The increase in the installation of PV sites in 2022 significantly dropped to the level of 2019, as can be seen in Figure 6a, and no dynamic PV site installation shift was observable in Figure 5d. Figure 6b shows the shift in the type of land cover used for solar PV site installation. “Barren lands” had been the most common for all four years and were the dominant choice in 2019 and 2020. These infertile lands are usually cheap to acquire, and the cost of removing woody vegetation would not be high. The population should also be low in those environments; therefore, conflicts with the local community due to the construction of the PV sites could be avoided. Therefore, they could be a good place for solar power site installation, which transforms barren lands into an income source by selling the produced electricity at a fixed price thanks to the FIT policy.
This finding is quite different from that of the previous global-scale study, which concluded that croplands are the most common LULC class used for PV installations [11]. Hence, the availability of these barren lands might be one of the key components for PV development in Vietnam. However, in 2021 and 2022, the share of barren lands dropped, and forests and croplands were also chosen for PV site construction. By also considering the findings that the size of the PV sites had been decreasing continuously, PV sites were placed on steeper slopes, in areas with lower PV potential, and in more populated areas, as shown in Figure 7, Figure 8, Figure 9 and Figure 10, respectively. It could be inferred that the PV sites were situated on lands less suitable for solar-based energy generation in later years. Since the FIT mechanism is active until 2023, financial support shall not be the dominant factor for the shift in the PV site installation trend. Furthermore, the cost of a solar PV site had been decreasing until at least 2020 [60], and the newly installed PV capacity has been growing globally [61]; that sudden price hikes in the study period from 2019 to 2022 could hamper the new installation of PV sites is also unlikely. Hence, this shift could be caused by the following two reasons: first, smaller-scale PV site operators, such as individuals, would have limited choices for PV construction sites. Therefore, their solar facilities could not be placed in suitable locations such as the flat and sunny barren lands along the southeastern coast. Second, the capacity of the energy transmission through the power line limits the number of PV panels that can be placed and connected along the grid. Therefore, once the energy grid capacity transferring electricity from suitable locations to the energy consumption areas has been used up, additional PV panels must be placed in locations where the room for electricity transmission is still available, and the size of the solar farms could decrease because of the insufficient transmission capacity in the nearby power grids. The second hypothesis is further discussed in Section 4.3.
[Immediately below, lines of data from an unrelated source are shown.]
lemma invertible_ideal_poly_fracs_principal:
  assumes sr: "subring R" and N: "N \<subseteq> polys_over R - {0}"
    and shift_closed: "\<And>Q H m. Q \<in> N \<Longrightarrow> H \<in> polys_over R \<Longrightarrow>
                         \<forall>i\<le>degree Q. coeff H (m+i) = coeff Q i \<Longrightarrow> H \<in> N"
    and inv: "invertible_ideal (poly_fracs R N) I"
  shows "principal_ideal (poly_fracs R N) I"
proof -
  let ?D = "poly_fracs R N"
  from inv obtain J where I: "I \<subseteq> ?D" "submodule ?D I" and J: "submodule ?D J"
    and IJ: "mod_prod I J = ?D"
    unfolding invertible_ideal_def ideal_of_def by blast
  have IJ_mem: "x * y \<in> ?D" if "x \<in> I" "y \<in> J" for x y
    using mult_mem_mod_prod[OF that] IJ by simp
  have D_mult: "u * v \<in> ?D" if "u \<in> ?D" "v \<in> ?D" for u v
    using mod_prod_mult_left[OF I(2) that(1), of v J] that(2) IJ by simp
  have "N \<noteq> {}" using zero_mem_mod_prod[of I J] IJ unfolding poly_fracs_def by auto
  then obtain q0 where q0: "q0 \<in> N" by blast
  have poly_D: "Fract p 1 \<in> ?D" if "p \<in> polys_over R" for p
    using poly_fracs_poly[OF sr N q0 that] .
  have "1 \<in> mod_prod I J"
    using IJ poly_D[OF polys_over_one[OF sr]] by (simp add: One_fract_def)
  then obtain n :: nat and a b where ab: "\<forall>i<n. a i \<in> I \<and> b i \<in> J" and one: "1 = (\<Sum>i<n. a i * b i)"
    unfolding mod_prod_def mem_Collect_eq by blast
  obtain Q P where Q: "Q \<in> N"
    and P: "\<And>i j. i < n \<Longrightarrow> j < n \<Longrightarrow> P (i,j) \<in> polys_over R \<and> a i * b j = Fract (P (i,j)) Q"
    using poly_fracs_common_denom[OF sr N \<open>N \<noteq> {}\<close> D_mult, of "{..<n}\<times>{..<n}" "\<lambda>(i,j). a i * b j"]
      IJ_mem ab by fastforce
  have Q0: "Q \<noteq> 0" using Q N by blast
  have "Fract (\<Sum>i<n. P (i,i)) Q = (\<Sum>i<n. Fract (P (i,i)) Q)"
    by (simp add: sum_Fract_same_denom[OF Q0])
  also have "\<dots> = (\<Sum>i<n. a i * b i)" using P by simp
  also have "\<dots> = Fract 1 1" using one by (simp add: One_fract_def)
  finally have "Fract (\<Sum>i<n. P (i,i)) Q = Fract 1 1" .
  hence diag: "(\<Sum>i<n. P (i,i)) = Q" using Q0 by (simp add: eq_fract)
  define d where "d = Suc (\<Sum>s\<in>{..<n}\<times>{..<n}. degree (P s))"
  have deg_P: "degree (P (i,j)) < d" if "i < n" "j < n" for i j
    unfolding d_def using that by (intro le_imp_less_Suc member_le_sum) auto
  define H where "H = (\<Sum>i<n. \<Sum>j<n. monom 1 (i*d + (n - j)*d) * P (i,j))"
  have "degree Q < d" unfolding diag[symmetric] by (rule degree_sum_less) (use deg_P d_def in auto)
  hence "\<forall>k\<le>degree Q. coeff H (n*d + k) = coeff Q k"
    unfolding H_def diag[symmetric] using kronecker_diagonal_coeff[of n P d] deg_P by simp
  moreover have "H \<in> polys_over R" unfolding H_def using P sr
    by (intro polys_over_sum polys_over_mult polys_over_monom) auto
  ultimately have H: "H \<in> N" using shift_closed[OF Q] by blast
  define f where "f = (\<Sum>i<n. Fract (monom 1 (i*d)) 1 * a i)"
  define y where "y = (\<Sum>j<n. Fract (monom 1 ((n - j)*d)) 1 * b j)"
  have X_pow_D: "Fract (monom 1 k) 1 \<in> ?D" for k by (rule poly_D[OF polys_over_monom[OF sr]])
  have "f \<in> I" unfolding f_def using I(2) ab X_pow_D
    by (intro submodule_sum) (auto simp: submodule_def)
  moreover have "Fract Q H * y \<in> J"
  proof -
    have "y \<in> J" unfolding y_def using J ab X_pow_D
      by (intro submodule_sum) (auto simp: submodule_def)
    moreover have "Fract Q H \<in> ?D" unfolding poly_fracs_def using Q H N by blast
    ultimately show ?thesis using J by (simp add: submodule_def)
  qed
  moreover have "f * (Fract Q H * y) = 1"
  proof -
    have H0: "H \<noteq> 0" using H N by blast
    have fy: "f * y = Fract H Q"
      unfolding f_def y_def H_def by (rule kronecker_product_Fract[OF _ Q0]) (use P in blast)
    have "f * (Fract Q H * y) = Fract Q H * (f * y)" by (simp add: ac_simps)
    also have "\<dots> = Fract (Q * H) (H * Q)" unfolding fy by simp
    also have "\<dots> = 1" using Q0 H0 by (simp add: One_fract_def eq_fract)
    finally show ?thesis .
  qed
  ultimately show ?thesis
    using principal_ideal_if_mult_inverse[OF I IJ_mem] by blast
qed
(* In the setting and construction described in the context, let $n\in\mathbb{N}$, $k\in\mathbb{N}\cup\{0\}$ and $x\in Z(p_n,\dots,p_{n+k})$. Then there exist pairwise disjointly supported vectors $(y_j)_{j=0}^k$ in $c_{00}$ such that $x=\sum_{j=0}^ky_j$, $\|y_j\|_{\ell^1}=\theta_{p_{n+j}}^{-1}$ for $0\le j\le k$, and $\operatorname{supp}y_j\in[\mathcal{S}_{\eta_n+1},\dots,\mathcal{S}_{\eta_{n+j}+1}]\cap[M_{n+j}]^{<\infty}$ for $0\le j\le k$.
   Context: Standing setting: $(\theta_n)$ nonincreasing null in $(0,1)$; $(\mathcal{F}_n)$ regular families (hereditary, spreading, compact in $[\mathbb{N}]^{<\infty}\subseteq 2^{\mathbb{N}}$); $X=T[(\theta_n,\mathcal{F}_n)]$ as usual (completion of $c_{00}$ under $\|x\|=\max\{\|x\|_{c_0},\sup_n\sup\theta_n\sum_i\|E_ix\|\}$ over $\mathcal{F}_n$-admissible $(E_i)$, i.e. $E_1<\dots<E_k$ with $\{\min E_i\}\in\mathcal{F}_n$); $(e_k)$ unit vectors. $\alpha_n=\iota(\mathcal{F}_n)>1$ (Cantor–Bendixson index), $\alpha=\sup\alpha_n\ne\alpha_n$ for all $n$, $\alpha=\omega^{\omega^\xi}$, $0<\xi<\omega_1$. Schreier families: $\mathcal{S}_0$ = singletons and $\emptyset$, $\mathcal{S}_1=\{F:|F|\le\min F\}$, $\mathcal{S}_{\beta+1}=\mathcal{S}_1[\mathcal{S}_\beta]$, limit $\beta$: $\mathcal{S}_\beta=\{F\in\mathcal{S}_{\beta_k}\text{ some }k\le\min F\}$ for a fixed $\beta_k\uparrow\beta$. $\mathcal{M}[\mathcal{N}]$ = unions of $\mathcal{M}$-admissible sequences of members of $\mathcal{N}$; $[\mathcal{M}_1]=\mathcal{M}_1$, $[\mathcal{M}_1,\dots,\mathcal{M}_{i+1}]=[\mathcal{M}_1,\dots,\mathcal{M}_i][\mathcal{M}_{i+1}]$, empty list gives $\mathcal{S}_0$. $\|y\|_{\mathcal{F}}=\sup_{F\in\mathcal{F}}\sum_{k\in F}|y_k|$. $\ell(\beta)$ = leading exponent of the Cantor normal form. $\gamma(\varepsilon,m)=\max\{\ell(\alpha_{n_s}\cdots\alpha_{n_1}):\varepsilon\theta_{n_1}\cdots\theta_{n_s}>\theta_m\}$ ($\max\emptyset=0$). Assume $(\dagger)$: there is $\varepsilon>0$ such that for every $\beta<\omega^\xi$ some $m$ has $\gamma(\varepsilon,m)+2+\beta<\ell(\alpha_m)$; fix such $\varepsilon\in(0,1)$. $K_{\delta,p,\eta}=\{(0,n_1,\dots,n_s):s\ge0,\ \theta_{n_1}\cdots\theta_{n_s}>\delta\theta_p,\ \ell(\alpha_{n_s}\cdots\alpha_{n_1})<\eta\}$ (finite). Construction: $(\beta_n)$ is the sequence increasing to $\omega^\xi$ defining $\mathcal{S}_{\omega^\xi}$; $M_0$ infinite. Choose $p_1$ with $\theta_{p_1}\le\varepsilon^2/4$ and $\gamma(\varepsilon,p_1)+2+\beta_1<\ell(\alpha_{p_1})$, $\eta_1=\gamma(\varepsilon,p_1)+1$, $q_1$ with $\theta_{q_1}\le\varepsilon\theta_{p_1}/4$, infinite $M_1\subseteq M_0$ with $\mathcal{S}_{\beta_1}[\mathcal{S}_{\eta_1+1}]\cap[M_1]^{<\infty}\subseteq\mathcal{F}_{p_1}$ and $[\mathcal{F}_{n_1},\dots,\mathcal{F}_{n_s}]\cap[M_1]^{<\infty}\subseteq\mathcal{S}_{\eta_1}$ for all $(0,n_1,\dots,n_s)\in K_{4^{-1},p_1,\eta_1}$. For $n\ge2$: $p_n>q_{n-1}$ with $\theta_{p_n}\le\varepsilon^2/4^n$ and $\gamma(\varepsilon,p_n)+2+\gamma(\varepsilon,q_{n-1})+2+\eta_{n-1}+1+\dots+\eta_1+1+\beta_n<\ell(\alpha_{p_n})$; $\eta_n=\gamma(\varepsilon,p_n)+\gamma(\varepsilon,q_{n-1})+1$; $q_n>p_n$ with $\theta_{q_n}\le\varepsilon\theta_{p_n}/4^n$; infinite $M_n\subseteq M_{n-1}$ with $\mathcal{S}_{\beta_n}[\mathcal{S}_{\eta_1+1},\dots,\mathcal{S}_{\eta_n+1}]\cap[M_n]^{<\infty}\subseteq\mathcal{F}_{p_n}$ and $[\mathcal{F}_{n_1},\dots,\mathcal{F}_{n_s}]\cap[M_n]^{<\infty}\subseteq\mathcal{S}_{\eta_n}$ for all $(0,n_1,\dots,n_s)\in K_{4^{-n},p_n,\eta_n}$. $Z(p_n)$ is the set of $x\in c_{00}$ with $\|x\|_{\ell^1}=\theta_{p_n}^{-1}$, $\operatorname{supp}x\in\mathcal{S}_{\eta_n+1}\cap[M_n]^{<\infty}$, and $\|x\|_{\mathcal{S}_{\eta_n}}\le4^{-n}(|K_{4^{-n},p_n,\eta_n}|+1)^{-1}$. Inductively, $Z(p_n,\dots,p_{n+k})$ ($k\ge1$) is the set of vectors $\theta_{p_n}^{-1}\sum_{i=1}^ra_ie_{m_i}+\sum_{i=1}^ra_iz_i$ with $m_1<\operatorname{supp}z_1<\dots<m_r<\operatorname{supp}z_r$, $\theta_{p_n}^{-1}\sum_ia_ie_{m_i}\in Z(p_n)$ and $z_i\in Z(p_{n+1},\dots,p_{n+k})$. *)

theory Defs
  imports Complex_Main
begin
lemma U_pattern_imp_is_U_tournament:
  assumes "distinct ys" "U_pattern A ys"
  shows "is_U_tournament (set ys) A"
proof (rule is_U_tournamentI)
  let ?m = "length ys"
  have "bij_betw (\<lambda>k. k - 1) {1..?m} {..<?m}"
    by (rule bij_betw_byWitness[where f' = Suc]) auto
  moreover have "bij_betw ((!) ys) {..<?m} (set ys)"
    using assms(1) by (simp add: bij_betw_nth)
  ultimately show "bij_betw (\<lambda>k. ys ! (k - 1)) {1..?m} (set ys)"
    using bij_betw_trans by (fastforce simp: comp_def)
  fix a b assume "a \<in> {1..?m}" "b \<in> {1..?m}"
  then show "(ys ! (a - 1), ys ! (b - 1)) \<in> A \<longleftrightarrow> (a, b) \<in> U_arcs ?m"
    using assms(2) U_arcs_iff by (auto simp: U_pattern_def)
qed

lemma U_pattern_snoc:
  assumes "U_pattern A xs" "(w, w) \<notin> A"
    and "\<And>j. j < length xs \<Longrightarrow> (xs ! j, w) \<in> A \<longleftrightarrow> j + 1 < length xs"
    and "\<And>i. i < length xs \<Longrightarrow> (w, xs ! i) \<in> A \<longleftrightarrow> i + 1 = length xs"
  shows "U_pattern A (xs @ [w])"
  unfolding U_pattern_def
proof (intro allI impI)
  fix i j assume "i < length (xs @ [w])" "j < length (xs @ [w])"
  then consider "i < length xs" "j < length xs" | "i < length xs" "j = length xs"
    | "i = length xs" "j < length xs" | "i = length xs" "j = length xs"
    by fastforce
  then show "((xs @ [w]) ! j, (xs @ [w]) ! i) \<in> A \<longleftrightarrow> j + 1 < i \<or> j = i + 1"
    by cases (use assms in \<open>auto simp: U_pattern_def nth_append\<close>)
qed

locale U_list =
  fixes V :: "'a set" and A :: "('a \<times> 'a) set" and xs :: "'a list"
  assumes tournament: "tournament V A" and U: "U_property V A xs"
begin
(* Let $\mathcal{X},\mathcal{Y}$ be finite, $P_X$ a distribution, $P_{Y|X}$ a channel with output $P_Y$, and let $M$ be a positive integer and $\mathscr{C}_M^n=\{X_1^n,\dots,X_M^n\}$ a codebook of $M$ independent codewords drawn from $P_{X^n}$. Fix $y^n\in\mathcal{T}^n_{Q_{\bar Y}}$ with $P_{Y^n}(y^n)>0$ and a conditional type $Q_{\bar X|\bar Y}\in\mathcal{P}_n(\mathcal{X}|Q_{\bar Y})$, let $Q_{\bar X\bar Y}=Q_{\bar X|\bar Y}Q_{\bar Y}$, $(\bar X,\bar Y)\sim Q_{\bar X\bar Y}$ and $x^n_{Q_{\bar X|\bar Y}}\in\mathcal{T}^n_{Q_{\bar X|\bar Y}}(y^n)$. Then \[ P_{Y^n}(y^n)\,\mathbb{E}\big[|Z_{Q_{\bar X\bar Y}}-\mathbb{E}[Z_{Q_{\bar X\bar Y}}]|\big]\le P_{Y^n|X^n}(y^n|x^n_{Q_{\bar X|\bar Y}})\,\mathfrak{Y}(M,Q_{\bar X\bar Y})=\exp\big(-n\,\mathbb{E}[\imath_{P_{Y|X}}(\bar Y|\bar X)]\big)\,\mathfrak{Y}(M,Q_{\bar X\bar Y}). \]
   Context: $P_{X^n},P_{Y^n}$ are i.i.d. extensions of $P_X,P_Y$; $P_{Y^n|X^n}(y^n|x^n)=\prod_iP_{Y|X}(y_i|x_i)$. For an $n$-type $Q_{\bar Y}$, $\mathcal{T}^n_{Q_{\bar Y}}$ is its type class. A conditional type of $x^n$ given $y^n$ is $Q_{\bar X|\bar Y}$ with $Q_{\bar X|\bar Y}(a|b)Q_{\bar Y}(b)$ equal to the joint empirical distribution of $(x^n,y^n)$; $\mathcal{P}_n(\mathcal{X}|Q_{\bar Y})$ is the set of such conditional types and $\mathcal{T}^n_{Q_{\bar X|\bar Y}}(y^n)$ the set of $x^n$ with that conditional type given $y^n$. Define $N_{Q_{\bar X|\bar Y}}(y^n)=\sum_{j=1}^M1\{X_j^n\in\mathcal{T}^n_{Q_{\bar X|\bar Y}}(y^n)\}$, $p_{Q_{\bar X|\bar Y}}(y^n)=\mathbb{P}[X^n\in\mathcal{T}^n_{Q_{\bar X|\bar Y}}(y^n)]$ for $X^n\sim P_{X^n}$, $l_{Q_{\bar X|\bar Y}}(y^n)=P_{Y^n|X^n}(y^n|x^n_{Q_{\bar X|\bar Y}})/P_{Y^n}(y^n)$, $Z_{Q_{\bar X\bar Y}}=\frac1MN_{Q_{\bar X|\bar Y}}(y^n)\,l_{Q_{\bar X|\bar Y}}(y^n)$, and $\mathfrak{Y}(M,Q_{\bar X\bar Y})=\min\{2p_{Q_{\bar X|\bar Y}}(y^n),\,M^{-1/2}p_{Q_{\bar X|\bar Y}}^{1/2}(y^n)\}$. $\imath_{P_{Y|X}}(y|x)=\log\frac1{P_{Y|X}(y|x)}$; logs and exps use a common base. *)

theory Defs
  imports "HOL-Probability.Probability"
begin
4.3. The Relationship between the Solar PV Site Installation and the Energy Grid

Even though the completeness of the power grid information available in the OSM database was limited compared to the official statistics, there were noticeable shifts between the solar PV installation sites and the power grid. In Figure 12, the increase in the distance to the nearest major power line is apparent in 2022 compared to 2021. A similar shift is suggested by Welch’s t-test, which showed that the increase in the mean distance from PV sites to power grids in 2021 compared to 2020 is statistically significant at the 5% significance level (p = 0.029). This would suggest that in 2019 and 2020, PV panels were placed near major power lines so that the cost of building a connection to the grid could be minimized, but in later years, PV site operators were trying to connect their solar farms from more distant locations. This might have been caused by the availability of the nearby power line capacity. If the nearby transmission capacity is already full, people or companies would have needed to look for an available location even though it was far from their PV facilities. In Table 3, 550 kV and 220 kV power lines, which are the largest classes of energy grids, were mostly chosen as the closest power lines to the solar farms built in 2019 and 2020, and there was be enough availability of power transmission capacity in those existing grids, allowing for the initiation of many large-scale solar farms. These two types of power lines also run along the southeastern coasts where significant PV site installation occurred, as shown in Figure 5. In 2021 and 2022, those largest-capacity power lines still occupied more than 70% of preference for power lines for PV site installation. However, smaller-capacity power lines, especially the 110 kV lines, became common as their shares increased to 12.19 % and 21.16 % each year, respectively. This shift would imply that the large-capacity power lines, which would allow for the transmission of a large amount of electricity, were occupied by the PV sites built in the first two years so that the latecomers to the PV business had to switch to the smaller-capacity power grids with limitations for connecting significant solar farms.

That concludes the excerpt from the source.